EXERCISE GOAL »
Report every line of the entries that contains the word "noteq".

DATA »

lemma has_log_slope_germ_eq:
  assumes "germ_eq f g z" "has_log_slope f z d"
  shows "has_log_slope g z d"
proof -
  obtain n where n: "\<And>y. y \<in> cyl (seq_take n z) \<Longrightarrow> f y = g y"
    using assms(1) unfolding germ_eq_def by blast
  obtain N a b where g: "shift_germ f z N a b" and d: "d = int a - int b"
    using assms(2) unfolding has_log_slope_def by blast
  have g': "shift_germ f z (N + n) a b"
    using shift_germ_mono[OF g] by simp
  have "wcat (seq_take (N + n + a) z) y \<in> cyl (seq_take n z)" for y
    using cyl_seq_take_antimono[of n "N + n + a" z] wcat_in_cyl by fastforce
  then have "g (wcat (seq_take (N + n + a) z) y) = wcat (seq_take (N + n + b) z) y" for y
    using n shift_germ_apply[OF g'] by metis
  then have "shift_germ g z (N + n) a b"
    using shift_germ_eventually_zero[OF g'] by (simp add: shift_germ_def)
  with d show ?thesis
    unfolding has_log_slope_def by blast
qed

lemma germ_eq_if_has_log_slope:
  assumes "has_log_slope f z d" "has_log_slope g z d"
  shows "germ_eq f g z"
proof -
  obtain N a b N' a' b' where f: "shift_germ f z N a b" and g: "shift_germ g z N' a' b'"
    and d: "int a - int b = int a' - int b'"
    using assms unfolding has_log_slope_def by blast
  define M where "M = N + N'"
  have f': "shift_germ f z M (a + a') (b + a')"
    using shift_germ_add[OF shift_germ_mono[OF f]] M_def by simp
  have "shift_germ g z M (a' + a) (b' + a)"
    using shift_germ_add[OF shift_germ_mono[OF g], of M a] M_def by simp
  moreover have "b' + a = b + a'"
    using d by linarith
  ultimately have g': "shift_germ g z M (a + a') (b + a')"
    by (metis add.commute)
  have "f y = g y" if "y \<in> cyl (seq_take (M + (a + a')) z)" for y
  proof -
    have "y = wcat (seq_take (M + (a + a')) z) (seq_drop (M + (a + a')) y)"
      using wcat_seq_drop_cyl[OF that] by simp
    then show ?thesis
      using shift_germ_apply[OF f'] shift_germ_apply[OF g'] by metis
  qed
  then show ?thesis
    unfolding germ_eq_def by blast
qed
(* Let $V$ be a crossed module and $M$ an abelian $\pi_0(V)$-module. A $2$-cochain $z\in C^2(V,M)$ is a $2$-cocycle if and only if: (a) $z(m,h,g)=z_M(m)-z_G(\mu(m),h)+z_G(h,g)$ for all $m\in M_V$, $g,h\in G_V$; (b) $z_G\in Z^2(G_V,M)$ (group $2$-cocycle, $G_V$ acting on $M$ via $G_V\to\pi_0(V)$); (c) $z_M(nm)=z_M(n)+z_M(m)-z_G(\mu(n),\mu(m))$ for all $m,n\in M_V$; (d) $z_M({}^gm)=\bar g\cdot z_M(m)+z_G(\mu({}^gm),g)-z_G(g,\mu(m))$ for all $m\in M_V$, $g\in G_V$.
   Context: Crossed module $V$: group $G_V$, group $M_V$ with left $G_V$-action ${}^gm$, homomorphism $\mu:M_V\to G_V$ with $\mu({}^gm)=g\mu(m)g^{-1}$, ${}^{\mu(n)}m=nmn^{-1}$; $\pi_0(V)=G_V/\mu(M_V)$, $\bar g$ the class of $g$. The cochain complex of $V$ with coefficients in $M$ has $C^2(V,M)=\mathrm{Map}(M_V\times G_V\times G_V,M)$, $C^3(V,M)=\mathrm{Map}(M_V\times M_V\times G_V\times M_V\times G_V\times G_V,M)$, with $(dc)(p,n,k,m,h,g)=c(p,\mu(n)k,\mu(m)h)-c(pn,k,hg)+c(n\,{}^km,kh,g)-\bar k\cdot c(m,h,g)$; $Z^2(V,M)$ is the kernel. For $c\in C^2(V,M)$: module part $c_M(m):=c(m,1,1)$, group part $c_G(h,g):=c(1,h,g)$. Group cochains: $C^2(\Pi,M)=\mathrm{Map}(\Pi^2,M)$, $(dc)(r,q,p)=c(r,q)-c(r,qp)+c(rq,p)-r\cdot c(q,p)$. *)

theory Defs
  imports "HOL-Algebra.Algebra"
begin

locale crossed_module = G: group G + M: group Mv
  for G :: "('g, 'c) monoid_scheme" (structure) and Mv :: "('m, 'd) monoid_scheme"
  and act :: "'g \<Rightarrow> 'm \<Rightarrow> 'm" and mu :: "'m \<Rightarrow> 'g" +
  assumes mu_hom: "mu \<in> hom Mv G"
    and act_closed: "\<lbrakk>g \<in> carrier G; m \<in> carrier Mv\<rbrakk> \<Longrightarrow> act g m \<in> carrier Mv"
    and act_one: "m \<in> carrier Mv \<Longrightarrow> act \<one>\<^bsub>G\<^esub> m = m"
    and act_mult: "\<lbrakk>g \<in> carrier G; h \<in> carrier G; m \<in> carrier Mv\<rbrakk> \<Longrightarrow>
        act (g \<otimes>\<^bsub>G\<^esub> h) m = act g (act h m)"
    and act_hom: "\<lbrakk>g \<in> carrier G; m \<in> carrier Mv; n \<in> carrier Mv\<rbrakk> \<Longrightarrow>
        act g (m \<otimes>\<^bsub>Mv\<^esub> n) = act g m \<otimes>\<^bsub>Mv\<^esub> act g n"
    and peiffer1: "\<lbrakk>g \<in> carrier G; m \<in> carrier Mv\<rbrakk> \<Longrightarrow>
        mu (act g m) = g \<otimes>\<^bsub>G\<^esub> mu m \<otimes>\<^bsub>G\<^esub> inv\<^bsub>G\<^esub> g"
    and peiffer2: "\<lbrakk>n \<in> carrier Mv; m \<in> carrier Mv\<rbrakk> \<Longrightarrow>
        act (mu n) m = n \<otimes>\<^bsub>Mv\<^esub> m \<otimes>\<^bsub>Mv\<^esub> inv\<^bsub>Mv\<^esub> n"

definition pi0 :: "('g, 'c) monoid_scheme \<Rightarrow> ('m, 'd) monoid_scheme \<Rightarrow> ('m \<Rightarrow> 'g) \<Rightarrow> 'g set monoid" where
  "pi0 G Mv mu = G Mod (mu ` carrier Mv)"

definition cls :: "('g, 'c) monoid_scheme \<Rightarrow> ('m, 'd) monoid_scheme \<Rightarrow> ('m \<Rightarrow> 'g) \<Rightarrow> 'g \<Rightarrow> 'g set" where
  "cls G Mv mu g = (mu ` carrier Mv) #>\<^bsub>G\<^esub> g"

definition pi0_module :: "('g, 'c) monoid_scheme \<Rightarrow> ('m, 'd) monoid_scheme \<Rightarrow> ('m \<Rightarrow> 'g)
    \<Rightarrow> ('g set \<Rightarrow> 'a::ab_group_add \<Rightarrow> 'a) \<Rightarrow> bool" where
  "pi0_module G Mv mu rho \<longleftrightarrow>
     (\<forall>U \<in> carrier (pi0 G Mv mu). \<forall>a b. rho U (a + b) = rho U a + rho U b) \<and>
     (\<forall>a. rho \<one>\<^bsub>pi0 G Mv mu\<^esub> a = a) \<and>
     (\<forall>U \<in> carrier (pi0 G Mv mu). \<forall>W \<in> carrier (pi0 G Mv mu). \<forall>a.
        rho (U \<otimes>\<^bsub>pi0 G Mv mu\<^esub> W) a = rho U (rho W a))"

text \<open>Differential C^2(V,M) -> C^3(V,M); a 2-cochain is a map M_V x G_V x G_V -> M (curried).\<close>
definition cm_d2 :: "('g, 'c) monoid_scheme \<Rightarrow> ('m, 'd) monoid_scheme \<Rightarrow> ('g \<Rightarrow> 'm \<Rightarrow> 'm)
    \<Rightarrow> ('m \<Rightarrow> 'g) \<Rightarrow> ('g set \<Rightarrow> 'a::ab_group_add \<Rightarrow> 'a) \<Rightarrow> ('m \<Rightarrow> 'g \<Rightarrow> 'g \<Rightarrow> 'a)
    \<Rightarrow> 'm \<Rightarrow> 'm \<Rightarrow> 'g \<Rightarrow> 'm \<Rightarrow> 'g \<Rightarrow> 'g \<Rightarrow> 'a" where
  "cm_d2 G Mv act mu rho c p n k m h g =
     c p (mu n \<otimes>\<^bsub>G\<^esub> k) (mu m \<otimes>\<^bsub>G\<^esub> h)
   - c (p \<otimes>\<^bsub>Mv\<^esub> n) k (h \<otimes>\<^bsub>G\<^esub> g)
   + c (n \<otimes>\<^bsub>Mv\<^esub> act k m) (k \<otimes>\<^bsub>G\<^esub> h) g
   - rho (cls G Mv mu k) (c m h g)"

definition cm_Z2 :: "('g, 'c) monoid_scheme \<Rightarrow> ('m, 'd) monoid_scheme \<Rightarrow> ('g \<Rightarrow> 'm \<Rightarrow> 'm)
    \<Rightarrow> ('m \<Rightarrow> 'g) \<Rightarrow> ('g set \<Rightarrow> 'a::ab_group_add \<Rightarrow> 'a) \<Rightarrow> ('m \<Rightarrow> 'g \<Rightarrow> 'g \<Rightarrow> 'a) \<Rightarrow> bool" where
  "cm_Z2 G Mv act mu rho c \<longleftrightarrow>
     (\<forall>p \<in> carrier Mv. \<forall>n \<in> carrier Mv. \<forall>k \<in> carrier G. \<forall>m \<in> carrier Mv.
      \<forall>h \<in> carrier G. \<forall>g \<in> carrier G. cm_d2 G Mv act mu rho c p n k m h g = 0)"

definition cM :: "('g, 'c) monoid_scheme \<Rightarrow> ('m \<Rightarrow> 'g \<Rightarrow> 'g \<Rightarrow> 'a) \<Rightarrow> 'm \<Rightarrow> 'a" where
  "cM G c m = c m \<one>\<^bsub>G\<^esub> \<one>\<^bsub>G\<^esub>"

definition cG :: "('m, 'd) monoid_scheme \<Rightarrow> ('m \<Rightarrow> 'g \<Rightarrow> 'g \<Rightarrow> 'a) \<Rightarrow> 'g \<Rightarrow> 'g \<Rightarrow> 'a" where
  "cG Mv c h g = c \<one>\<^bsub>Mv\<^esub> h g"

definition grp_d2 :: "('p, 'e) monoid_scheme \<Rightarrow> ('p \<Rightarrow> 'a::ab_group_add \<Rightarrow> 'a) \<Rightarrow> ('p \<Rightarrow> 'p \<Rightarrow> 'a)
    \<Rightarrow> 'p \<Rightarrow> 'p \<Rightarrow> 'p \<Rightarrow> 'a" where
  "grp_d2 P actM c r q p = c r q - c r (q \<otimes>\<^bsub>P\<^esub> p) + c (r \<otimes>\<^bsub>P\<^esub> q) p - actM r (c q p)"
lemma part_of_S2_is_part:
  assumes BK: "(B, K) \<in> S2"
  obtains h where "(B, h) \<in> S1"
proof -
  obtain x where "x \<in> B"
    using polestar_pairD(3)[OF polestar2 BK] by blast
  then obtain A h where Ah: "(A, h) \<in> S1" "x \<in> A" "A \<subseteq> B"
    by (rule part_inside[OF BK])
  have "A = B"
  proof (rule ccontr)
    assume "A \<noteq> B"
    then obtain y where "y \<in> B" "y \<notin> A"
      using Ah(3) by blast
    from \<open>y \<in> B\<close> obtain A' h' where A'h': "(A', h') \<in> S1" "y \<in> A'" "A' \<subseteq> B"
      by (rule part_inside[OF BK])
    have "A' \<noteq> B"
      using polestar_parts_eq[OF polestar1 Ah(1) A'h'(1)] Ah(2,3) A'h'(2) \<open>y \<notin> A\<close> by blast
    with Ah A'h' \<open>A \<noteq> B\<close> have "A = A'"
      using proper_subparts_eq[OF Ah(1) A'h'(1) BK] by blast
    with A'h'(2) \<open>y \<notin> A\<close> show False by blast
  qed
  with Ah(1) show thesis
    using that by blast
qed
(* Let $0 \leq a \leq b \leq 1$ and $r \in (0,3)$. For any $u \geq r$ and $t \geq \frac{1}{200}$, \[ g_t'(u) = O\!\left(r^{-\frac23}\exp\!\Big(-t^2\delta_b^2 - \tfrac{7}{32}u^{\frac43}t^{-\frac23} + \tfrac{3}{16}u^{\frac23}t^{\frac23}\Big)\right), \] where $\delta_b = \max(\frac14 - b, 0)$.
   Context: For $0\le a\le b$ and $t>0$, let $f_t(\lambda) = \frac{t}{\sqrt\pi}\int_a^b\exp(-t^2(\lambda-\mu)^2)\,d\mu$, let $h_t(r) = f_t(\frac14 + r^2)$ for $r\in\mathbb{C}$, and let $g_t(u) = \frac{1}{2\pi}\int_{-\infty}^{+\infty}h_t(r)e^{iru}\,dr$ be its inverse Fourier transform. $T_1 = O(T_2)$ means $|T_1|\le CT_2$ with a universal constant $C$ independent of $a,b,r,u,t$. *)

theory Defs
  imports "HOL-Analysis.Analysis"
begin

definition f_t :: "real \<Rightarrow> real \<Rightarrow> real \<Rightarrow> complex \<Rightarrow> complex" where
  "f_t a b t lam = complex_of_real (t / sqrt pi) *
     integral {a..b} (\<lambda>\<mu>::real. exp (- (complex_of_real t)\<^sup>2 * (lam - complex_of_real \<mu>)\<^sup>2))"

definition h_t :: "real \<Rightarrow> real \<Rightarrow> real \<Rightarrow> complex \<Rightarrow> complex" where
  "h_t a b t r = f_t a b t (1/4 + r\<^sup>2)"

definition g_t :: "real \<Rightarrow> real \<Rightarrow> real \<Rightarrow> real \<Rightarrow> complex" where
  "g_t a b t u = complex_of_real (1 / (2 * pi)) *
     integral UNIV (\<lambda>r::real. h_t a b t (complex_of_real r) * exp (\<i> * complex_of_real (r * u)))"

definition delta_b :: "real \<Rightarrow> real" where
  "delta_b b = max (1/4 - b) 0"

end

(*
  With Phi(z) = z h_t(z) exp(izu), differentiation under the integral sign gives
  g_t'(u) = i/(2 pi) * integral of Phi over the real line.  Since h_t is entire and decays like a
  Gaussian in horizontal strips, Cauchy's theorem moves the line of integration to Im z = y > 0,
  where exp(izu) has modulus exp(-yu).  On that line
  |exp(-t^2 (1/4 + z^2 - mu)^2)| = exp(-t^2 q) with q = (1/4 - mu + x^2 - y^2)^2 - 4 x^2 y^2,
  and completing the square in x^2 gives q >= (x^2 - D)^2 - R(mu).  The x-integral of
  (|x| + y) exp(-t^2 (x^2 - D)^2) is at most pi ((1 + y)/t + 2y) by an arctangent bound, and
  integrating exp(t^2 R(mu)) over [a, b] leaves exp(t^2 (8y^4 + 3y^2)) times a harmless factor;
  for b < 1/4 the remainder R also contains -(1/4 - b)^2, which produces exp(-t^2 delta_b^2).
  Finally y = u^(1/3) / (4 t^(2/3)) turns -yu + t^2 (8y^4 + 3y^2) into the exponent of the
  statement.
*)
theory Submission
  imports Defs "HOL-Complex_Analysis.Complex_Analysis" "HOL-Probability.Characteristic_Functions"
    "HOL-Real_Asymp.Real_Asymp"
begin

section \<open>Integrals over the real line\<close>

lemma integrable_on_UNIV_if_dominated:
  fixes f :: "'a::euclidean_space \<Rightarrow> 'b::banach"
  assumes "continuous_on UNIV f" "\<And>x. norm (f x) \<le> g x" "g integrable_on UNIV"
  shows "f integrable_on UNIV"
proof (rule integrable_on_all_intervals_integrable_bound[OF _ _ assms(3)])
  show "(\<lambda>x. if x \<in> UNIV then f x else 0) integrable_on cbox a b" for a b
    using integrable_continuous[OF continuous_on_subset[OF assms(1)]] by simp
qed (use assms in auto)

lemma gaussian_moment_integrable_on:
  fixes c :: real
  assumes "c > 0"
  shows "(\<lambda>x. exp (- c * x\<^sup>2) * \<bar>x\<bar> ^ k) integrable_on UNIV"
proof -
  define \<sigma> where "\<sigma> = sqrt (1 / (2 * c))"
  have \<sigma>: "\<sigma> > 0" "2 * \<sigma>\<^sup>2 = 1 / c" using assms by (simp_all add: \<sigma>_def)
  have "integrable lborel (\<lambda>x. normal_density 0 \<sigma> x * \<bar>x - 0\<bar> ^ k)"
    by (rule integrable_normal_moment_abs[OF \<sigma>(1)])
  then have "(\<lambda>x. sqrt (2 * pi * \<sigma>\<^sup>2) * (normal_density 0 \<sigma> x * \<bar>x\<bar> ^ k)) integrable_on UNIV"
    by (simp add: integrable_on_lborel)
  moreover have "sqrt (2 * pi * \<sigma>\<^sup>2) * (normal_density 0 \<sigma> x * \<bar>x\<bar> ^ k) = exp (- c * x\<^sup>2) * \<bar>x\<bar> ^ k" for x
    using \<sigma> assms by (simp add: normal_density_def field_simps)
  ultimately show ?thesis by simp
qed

EXERCISE SOLUTION »
    assume "A \<noteq> B"
    have "A' \<noteq> B"
    with Ah A'h' \<open>A \<noteq> B\<close> have "A = A'"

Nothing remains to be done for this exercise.